__EXERCISE DETAILS__: Please count the lines in the records below that include the word "decreasing" and report only the total.

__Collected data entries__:
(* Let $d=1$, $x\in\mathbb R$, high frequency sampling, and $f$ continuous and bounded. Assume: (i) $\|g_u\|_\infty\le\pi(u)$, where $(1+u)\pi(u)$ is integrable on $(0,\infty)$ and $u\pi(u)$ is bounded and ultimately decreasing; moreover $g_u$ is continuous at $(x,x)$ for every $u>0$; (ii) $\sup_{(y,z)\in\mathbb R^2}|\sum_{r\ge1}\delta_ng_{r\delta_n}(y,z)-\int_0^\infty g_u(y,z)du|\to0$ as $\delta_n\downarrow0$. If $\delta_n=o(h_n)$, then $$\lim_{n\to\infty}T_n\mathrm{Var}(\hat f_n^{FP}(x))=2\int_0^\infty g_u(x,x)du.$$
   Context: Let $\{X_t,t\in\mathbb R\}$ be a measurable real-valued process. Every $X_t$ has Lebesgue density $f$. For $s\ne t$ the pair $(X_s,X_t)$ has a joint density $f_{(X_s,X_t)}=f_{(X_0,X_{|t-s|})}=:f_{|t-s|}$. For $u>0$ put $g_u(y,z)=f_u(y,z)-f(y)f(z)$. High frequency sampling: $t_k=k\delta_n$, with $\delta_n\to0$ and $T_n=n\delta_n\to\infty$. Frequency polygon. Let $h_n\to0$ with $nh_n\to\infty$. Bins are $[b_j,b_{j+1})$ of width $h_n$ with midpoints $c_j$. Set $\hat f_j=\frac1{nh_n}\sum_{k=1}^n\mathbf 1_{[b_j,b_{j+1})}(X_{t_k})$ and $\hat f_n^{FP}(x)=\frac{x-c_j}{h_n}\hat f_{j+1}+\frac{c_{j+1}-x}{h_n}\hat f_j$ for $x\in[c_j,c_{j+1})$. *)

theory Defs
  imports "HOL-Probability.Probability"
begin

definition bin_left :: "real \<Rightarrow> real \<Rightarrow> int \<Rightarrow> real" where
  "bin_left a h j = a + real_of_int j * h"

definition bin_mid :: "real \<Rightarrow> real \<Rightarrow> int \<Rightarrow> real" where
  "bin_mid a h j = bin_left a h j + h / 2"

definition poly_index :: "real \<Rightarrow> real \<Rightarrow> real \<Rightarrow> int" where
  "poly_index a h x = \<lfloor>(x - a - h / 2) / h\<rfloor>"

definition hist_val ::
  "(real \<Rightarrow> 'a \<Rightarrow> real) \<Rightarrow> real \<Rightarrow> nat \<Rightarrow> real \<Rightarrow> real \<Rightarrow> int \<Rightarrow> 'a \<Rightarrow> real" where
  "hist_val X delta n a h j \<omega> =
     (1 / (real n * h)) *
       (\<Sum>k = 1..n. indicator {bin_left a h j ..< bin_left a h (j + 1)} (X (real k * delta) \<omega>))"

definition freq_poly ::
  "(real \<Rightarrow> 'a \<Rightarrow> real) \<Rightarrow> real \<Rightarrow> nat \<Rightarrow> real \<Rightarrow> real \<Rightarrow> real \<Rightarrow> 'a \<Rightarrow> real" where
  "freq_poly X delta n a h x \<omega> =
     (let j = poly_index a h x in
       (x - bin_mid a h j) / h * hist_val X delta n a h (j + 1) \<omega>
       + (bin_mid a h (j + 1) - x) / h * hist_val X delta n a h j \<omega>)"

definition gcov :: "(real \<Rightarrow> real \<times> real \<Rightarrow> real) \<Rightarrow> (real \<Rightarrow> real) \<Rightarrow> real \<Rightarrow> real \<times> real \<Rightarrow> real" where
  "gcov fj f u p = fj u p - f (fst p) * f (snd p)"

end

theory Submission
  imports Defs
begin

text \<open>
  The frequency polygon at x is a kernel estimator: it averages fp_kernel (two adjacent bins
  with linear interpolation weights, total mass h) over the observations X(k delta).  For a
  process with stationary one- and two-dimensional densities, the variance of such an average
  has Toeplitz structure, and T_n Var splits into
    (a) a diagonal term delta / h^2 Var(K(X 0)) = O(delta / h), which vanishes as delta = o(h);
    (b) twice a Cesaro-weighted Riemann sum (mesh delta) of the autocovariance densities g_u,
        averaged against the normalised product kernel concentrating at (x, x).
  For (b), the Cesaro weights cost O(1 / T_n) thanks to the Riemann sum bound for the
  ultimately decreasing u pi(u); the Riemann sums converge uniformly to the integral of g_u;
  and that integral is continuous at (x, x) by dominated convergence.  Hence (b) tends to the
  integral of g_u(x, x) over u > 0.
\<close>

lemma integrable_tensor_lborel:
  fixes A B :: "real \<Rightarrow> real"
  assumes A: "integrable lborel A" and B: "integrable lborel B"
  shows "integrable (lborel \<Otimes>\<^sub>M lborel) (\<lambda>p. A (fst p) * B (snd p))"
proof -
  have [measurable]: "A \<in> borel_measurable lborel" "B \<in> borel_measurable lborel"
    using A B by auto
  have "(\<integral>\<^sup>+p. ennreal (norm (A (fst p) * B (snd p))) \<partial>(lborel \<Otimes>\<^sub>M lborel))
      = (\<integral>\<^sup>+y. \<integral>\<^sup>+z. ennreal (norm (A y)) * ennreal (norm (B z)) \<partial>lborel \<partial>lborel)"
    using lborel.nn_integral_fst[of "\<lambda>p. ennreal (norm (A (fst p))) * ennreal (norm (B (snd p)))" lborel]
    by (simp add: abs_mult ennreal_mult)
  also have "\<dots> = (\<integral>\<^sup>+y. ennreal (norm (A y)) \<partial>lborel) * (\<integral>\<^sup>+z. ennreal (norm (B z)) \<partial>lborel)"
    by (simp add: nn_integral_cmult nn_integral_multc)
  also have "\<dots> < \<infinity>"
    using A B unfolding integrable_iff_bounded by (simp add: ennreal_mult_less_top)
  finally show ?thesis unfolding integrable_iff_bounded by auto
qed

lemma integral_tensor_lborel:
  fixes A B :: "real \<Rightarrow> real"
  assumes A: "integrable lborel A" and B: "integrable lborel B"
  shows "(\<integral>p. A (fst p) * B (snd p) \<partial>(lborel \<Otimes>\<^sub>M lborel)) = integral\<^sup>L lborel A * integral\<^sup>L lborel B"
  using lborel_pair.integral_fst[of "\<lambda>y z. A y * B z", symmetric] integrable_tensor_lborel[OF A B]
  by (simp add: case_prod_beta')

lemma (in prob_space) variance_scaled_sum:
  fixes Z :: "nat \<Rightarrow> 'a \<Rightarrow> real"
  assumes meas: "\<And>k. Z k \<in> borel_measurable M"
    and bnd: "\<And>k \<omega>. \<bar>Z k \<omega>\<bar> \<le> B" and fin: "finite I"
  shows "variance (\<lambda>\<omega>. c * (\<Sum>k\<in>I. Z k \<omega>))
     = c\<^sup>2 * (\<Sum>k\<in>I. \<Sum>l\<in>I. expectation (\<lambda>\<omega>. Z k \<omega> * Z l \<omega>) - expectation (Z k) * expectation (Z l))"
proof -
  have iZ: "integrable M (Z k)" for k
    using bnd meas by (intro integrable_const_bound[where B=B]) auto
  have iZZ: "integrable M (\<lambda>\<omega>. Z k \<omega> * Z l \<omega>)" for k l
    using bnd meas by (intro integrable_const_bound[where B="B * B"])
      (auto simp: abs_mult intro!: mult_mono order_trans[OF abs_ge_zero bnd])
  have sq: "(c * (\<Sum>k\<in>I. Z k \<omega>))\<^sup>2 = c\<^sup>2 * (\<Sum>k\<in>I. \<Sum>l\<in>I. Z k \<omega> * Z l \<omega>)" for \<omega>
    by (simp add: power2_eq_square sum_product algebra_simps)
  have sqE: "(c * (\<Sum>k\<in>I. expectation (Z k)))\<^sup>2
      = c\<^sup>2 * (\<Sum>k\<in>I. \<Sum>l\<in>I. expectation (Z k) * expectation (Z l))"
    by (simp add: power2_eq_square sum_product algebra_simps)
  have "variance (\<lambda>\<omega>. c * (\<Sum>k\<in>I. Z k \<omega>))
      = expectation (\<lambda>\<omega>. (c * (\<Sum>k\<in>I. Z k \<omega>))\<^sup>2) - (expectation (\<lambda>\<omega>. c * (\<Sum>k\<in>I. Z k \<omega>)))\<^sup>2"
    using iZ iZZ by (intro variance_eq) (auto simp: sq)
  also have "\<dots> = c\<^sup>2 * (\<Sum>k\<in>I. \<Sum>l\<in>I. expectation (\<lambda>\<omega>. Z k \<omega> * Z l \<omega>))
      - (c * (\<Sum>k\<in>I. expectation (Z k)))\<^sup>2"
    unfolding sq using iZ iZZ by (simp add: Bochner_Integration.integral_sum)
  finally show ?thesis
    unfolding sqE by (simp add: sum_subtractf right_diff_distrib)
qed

...

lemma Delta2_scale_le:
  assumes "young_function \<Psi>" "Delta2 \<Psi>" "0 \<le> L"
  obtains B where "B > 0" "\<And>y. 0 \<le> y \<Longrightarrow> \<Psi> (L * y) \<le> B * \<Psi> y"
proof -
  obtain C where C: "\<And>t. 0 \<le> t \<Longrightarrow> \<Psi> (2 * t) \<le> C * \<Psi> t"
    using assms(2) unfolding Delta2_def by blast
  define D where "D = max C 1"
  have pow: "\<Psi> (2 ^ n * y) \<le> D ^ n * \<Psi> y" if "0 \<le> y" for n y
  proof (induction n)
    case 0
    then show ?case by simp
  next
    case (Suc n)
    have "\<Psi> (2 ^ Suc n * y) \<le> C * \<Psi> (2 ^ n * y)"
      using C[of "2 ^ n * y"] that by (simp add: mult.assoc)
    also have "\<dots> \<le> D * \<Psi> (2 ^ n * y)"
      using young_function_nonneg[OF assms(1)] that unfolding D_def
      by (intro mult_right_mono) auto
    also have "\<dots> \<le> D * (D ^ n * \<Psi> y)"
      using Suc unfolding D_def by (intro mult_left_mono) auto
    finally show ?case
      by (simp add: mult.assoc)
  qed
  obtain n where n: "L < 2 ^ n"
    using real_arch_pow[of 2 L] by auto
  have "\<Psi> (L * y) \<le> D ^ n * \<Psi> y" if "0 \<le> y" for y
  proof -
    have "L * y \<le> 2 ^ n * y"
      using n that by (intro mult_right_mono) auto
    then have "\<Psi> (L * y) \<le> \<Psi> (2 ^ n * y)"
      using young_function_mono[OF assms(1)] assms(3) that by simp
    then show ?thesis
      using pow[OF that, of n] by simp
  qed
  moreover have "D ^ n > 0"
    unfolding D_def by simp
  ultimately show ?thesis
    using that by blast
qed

__EXERCISE RESPONSE__: 2